## [Description of the task]
Reproduce word for word, from the entries below, the line with "a x) = cmod", the line with "S \<Longrightarrow> d2", and every line between them, and nothing more.

[Saved data entries]
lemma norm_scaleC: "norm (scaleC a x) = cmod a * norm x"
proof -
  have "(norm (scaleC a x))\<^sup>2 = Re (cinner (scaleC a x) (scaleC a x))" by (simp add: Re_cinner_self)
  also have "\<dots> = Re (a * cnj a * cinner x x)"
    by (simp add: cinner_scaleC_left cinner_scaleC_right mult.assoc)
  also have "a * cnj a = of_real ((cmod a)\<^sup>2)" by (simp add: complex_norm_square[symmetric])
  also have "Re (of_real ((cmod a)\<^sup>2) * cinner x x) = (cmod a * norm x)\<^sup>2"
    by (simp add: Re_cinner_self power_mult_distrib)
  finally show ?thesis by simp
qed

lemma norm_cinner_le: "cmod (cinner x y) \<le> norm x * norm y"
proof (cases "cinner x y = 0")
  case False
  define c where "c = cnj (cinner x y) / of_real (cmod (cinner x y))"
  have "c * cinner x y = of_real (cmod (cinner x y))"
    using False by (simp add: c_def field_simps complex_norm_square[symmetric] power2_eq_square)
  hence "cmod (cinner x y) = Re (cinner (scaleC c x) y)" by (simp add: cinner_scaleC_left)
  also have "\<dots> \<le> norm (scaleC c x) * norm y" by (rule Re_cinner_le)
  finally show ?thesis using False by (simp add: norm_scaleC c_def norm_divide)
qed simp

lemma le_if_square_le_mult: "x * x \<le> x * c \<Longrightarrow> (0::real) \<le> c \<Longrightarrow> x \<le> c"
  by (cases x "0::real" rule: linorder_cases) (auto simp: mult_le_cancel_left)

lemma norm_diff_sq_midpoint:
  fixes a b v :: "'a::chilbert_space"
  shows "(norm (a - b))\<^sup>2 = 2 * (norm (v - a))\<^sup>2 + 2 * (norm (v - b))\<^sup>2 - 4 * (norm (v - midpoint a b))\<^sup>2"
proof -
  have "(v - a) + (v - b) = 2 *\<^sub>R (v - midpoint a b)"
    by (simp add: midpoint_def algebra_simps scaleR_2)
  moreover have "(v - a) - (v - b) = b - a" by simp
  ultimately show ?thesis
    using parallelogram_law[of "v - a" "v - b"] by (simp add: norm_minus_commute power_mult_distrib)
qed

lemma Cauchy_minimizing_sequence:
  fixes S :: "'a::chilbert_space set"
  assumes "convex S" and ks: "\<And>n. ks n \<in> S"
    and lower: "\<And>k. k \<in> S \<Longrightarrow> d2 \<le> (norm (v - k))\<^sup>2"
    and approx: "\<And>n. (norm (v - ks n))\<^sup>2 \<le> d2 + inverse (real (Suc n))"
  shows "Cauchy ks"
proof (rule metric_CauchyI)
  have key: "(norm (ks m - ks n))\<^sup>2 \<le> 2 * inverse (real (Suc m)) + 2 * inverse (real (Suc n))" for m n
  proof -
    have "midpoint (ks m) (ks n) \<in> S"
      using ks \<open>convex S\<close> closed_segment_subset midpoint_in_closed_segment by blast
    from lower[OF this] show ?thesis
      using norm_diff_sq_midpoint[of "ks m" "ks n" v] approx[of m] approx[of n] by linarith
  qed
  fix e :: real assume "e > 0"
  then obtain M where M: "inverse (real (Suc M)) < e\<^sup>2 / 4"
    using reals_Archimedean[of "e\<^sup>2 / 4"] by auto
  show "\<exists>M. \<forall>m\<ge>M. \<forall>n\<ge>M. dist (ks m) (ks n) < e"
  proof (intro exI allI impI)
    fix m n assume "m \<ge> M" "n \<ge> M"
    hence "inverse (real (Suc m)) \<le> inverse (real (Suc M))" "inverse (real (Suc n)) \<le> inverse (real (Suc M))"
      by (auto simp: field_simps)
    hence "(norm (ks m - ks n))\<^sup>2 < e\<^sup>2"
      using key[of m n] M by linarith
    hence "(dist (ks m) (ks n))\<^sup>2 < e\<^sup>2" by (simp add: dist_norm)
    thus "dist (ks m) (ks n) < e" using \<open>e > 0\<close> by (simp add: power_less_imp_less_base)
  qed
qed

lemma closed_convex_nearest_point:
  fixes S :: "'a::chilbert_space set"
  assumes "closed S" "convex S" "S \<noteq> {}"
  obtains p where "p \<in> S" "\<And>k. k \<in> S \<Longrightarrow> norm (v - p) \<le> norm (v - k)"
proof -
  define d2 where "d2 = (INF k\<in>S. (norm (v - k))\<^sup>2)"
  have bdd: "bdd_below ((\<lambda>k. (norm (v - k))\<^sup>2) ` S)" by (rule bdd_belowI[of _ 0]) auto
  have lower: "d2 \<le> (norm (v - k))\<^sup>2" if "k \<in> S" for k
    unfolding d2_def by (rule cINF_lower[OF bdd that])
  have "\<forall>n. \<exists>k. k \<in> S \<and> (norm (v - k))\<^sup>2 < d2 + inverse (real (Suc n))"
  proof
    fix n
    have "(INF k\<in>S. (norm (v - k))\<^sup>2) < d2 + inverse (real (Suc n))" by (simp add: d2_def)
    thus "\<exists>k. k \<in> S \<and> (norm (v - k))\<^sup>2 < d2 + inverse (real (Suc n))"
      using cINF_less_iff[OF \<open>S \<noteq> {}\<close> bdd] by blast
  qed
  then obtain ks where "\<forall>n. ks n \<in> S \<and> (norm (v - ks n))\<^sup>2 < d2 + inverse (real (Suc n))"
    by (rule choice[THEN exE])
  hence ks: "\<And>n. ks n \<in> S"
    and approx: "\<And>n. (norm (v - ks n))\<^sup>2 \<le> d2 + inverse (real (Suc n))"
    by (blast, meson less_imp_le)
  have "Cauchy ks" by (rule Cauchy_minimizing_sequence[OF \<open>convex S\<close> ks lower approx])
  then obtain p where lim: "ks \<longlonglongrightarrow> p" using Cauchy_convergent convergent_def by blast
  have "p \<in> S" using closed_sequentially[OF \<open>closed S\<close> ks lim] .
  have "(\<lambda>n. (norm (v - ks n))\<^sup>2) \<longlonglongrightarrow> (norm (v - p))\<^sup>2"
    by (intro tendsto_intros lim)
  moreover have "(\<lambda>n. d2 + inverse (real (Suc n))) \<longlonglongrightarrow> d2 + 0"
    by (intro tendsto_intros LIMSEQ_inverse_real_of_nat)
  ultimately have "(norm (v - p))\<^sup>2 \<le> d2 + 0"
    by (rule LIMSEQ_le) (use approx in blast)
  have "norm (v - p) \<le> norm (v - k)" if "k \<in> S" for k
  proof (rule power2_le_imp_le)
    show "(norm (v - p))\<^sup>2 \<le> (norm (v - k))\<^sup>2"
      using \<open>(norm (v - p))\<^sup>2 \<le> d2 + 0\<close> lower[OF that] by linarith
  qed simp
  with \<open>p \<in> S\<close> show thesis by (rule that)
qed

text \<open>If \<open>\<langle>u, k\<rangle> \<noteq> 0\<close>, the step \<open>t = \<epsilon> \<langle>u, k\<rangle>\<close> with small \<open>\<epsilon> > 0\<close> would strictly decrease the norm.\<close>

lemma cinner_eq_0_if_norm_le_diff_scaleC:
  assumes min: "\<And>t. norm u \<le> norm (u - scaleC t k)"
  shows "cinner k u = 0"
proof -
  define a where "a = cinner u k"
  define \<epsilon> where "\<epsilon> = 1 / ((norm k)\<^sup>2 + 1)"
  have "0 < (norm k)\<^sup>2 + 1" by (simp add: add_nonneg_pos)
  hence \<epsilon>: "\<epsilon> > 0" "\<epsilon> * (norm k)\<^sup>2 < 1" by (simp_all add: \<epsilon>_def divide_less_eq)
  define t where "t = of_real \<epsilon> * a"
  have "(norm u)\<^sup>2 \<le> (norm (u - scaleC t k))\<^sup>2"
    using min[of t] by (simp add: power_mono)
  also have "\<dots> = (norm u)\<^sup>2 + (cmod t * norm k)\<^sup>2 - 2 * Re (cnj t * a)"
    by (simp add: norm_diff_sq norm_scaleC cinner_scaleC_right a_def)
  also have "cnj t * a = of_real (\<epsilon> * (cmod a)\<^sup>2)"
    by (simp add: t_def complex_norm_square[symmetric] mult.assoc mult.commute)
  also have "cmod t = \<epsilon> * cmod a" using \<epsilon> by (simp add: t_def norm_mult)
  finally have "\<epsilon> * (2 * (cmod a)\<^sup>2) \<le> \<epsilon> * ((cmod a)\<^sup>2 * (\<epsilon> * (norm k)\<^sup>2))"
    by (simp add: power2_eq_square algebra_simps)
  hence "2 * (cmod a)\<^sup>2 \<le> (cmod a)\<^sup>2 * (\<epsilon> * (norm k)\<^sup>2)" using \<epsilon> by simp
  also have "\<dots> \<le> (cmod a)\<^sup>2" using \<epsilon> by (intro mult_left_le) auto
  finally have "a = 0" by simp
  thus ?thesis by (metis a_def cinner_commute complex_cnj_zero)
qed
* * *
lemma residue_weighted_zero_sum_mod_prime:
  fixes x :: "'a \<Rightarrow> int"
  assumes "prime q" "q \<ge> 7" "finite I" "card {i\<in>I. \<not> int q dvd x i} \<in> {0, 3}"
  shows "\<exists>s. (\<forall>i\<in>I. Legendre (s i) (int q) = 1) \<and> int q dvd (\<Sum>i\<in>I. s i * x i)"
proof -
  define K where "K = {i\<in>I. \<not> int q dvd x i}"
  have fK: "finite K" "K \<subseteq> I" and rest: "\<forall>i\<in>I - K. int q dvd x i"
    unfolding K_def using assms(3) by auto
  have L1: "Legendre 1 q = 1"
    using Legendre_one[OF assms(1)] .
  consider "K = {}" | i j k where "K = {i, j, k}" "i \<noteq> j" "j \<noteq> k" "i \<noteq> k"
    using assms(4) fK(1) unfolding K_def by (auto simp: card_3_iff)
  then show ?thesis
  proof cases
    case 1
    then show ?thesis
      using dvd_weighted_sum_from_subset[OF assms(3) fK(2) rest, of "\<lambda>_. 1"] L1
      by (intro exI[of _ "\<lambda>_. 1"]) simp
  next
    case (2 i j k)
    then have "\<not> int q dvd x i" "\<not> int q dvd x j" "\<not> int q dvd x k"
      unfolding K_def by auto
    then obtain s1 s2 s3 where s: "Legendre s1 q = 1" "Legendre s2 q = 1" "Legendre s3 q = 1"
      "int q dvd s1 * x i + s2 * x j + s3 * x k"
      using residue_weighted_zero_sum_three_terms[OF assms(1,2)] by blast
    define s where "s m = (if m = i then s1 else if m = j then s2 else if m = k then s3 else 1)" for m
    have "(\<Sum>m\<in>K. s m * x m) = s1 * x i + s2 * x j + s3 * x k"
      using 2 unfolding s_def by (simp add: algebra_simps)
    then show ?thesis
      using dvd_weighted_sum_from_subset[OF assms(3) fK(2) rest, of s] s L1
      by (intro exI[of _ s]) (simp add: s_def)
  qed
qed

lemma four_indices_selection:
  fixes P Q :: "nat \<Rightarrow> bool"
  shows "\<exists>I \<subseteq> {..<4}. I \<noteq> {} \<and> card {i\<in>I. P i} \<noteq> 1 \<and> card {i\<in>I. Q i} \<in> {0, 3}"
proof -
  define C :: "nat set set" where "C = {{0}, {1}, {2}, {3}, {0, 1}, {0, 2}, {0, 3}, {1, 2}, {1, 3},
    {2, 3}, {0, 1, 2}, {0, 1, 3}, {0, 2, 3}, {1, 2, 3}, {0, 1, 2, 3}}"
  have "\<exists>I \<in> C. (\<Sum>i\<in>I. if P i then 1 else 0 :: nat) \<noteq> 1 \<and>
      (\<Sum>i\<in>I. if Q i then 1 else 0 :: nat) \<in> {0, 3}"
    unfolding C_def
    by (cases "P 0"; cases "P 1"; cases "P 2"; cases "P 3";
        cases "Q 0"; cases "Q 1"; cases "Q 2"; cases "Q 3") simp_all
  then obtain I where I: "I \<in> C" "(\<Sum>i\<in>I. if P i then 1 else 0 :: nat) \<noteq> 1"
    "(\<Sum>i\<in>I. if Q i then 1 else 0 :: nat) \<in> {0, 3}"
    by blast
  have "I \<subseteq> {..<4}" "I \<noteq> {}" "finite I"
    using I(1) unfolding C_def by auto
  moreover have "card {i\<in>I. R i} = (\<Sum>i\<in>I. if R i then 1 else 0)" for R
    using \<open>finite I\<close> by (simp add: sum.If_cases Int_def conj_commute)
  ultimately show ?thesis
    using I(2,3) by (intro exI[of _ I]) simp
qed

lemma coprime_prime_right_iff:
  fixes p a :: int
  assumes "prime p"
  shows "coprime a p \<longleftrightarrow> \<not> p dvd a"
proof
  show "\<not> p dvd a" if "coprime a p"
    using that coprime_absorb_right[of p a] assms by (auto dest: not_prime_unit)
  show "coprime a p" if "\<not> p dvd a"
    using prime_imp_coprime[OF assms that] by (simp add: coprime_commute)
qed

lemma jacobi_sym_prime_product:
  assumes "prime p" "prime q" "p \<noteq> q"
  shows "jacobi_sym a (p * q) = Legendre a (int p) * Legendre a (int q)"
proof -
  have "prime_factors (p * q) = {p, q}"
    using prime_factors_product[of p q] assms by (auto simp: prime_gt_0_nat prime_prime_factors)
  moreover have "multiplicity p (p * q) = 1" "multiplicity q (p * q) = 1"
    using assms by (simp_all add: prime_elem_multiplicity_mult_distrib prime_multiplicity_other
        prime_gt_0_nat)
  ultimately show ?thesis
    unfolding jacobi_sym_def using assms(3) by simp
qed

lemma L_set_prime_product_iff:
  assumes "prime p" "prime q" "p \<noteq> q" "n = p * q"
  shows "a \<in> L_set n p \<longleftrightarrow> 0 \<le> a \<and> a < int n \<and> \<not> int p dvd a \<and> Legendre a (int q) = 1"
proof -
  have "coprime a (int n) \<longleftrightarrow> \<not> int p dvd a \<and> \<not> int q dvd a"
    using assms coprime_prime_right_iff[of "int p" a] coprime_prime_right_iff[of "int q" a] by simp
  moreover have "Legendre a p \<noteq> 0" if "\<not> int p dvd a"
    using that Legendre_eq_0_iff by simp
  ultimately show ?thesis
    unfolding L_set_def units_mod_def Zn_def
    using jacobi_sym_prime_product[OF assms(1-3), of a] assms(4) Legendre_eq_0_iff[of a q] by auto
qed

## [Response]
lemma norm_scaleC: "norm (scaleC a x) = cmod a * norm x"
proof -
  have "(norm (scaleC a x))\<^sup>2 = Re (cinner (scaleC a x) (scaleC a x))" by (simp add: Re_cinner_self)
  also have "\<dots> = Re (a * cnj a * cinner x x)"
    by (simp add: cinner_scaleC_left cinner_scaleC_right mult.assoc)
  also have "a * cnj a = of_real ((cmod a)\<^sup>2)" by (simp add: complex_norm_square[symmetric])
  also have "Re (of_real ((cmod a)\<^sup>2) * cinner x x) = (cmod a * norm x)\<^sup>2"
    by (simp add: Re_cinner_self power_mult_distrib)
  finally show ?thesis by simp
qed

lemma norm_cinner_le: "cmod (cinner x y) \<le> norm x * norm y"
proof (cases "cinner x y = 0")
  case False
  define c where "c = cnj (cinner x y) / of_real (cmod (cinner x y))"
  have "c * cinner x y = of_real (cmod (cinner x y))"
    using False by (simp add: c_def field_simps complex_norm_square[symmetric] power2_eq_square)
  hence "cmod (cinner x y) = Re (cinner (scaleC c x) y)" by (simp add: cinner_scaleC_left)
  also have "\<dots> \<le> norm (scaleC c x) * norm y" by (rule Re_cinner_le)
  finally show ?thesis using False by (simp add: norm_scaleC c_def norm_divide)
qed simp

lemma le_if_square_le_mult: "x * x \<le> x * c \<Longrightarrow> (0::real) \<le> c \<Longrightarrow> x \<le> c"
  by (cases x "0::real" rule: linorder_cases) (auto simp: mult_le_cancel_left)

lemma norm_diff_sq_midpoint:
  fixes a b v :: "'a::chilbert_space"
  shows "(norm (a - b))\<^sup>2 = 2 * (norm (v - a))\<^sup>2 + 2 * (norm (v - b))\<^sup>2 - 4 * (norm (v - midpoint a b))\<^sup>2"
proof -
  have "(v - a) + (v - b) = 2 *\<^sub>R (v - midpoint a b)"
    by (simp add: midpoint_def algebra_simps scaleR_2)
  moreover have "(v - a) - (v - b) = b - a" by simp
  ultimately show ?thesis
    using parallelogram_law[of "v - a" "v - b"] by (simp add: norm_minus_commute power_mult_distrib)
qed

lemma Cauchy_minimizing_sequence:
  fixes S :: "'a::chilbert_space set"
  assumes "convex S" and ks: "\<And>n. ks n \<in> S"
    and lower: "\<And>k. k \<in> S \<Longrightarrow> d2 \<le> (norm (v - k))\<^sup>2"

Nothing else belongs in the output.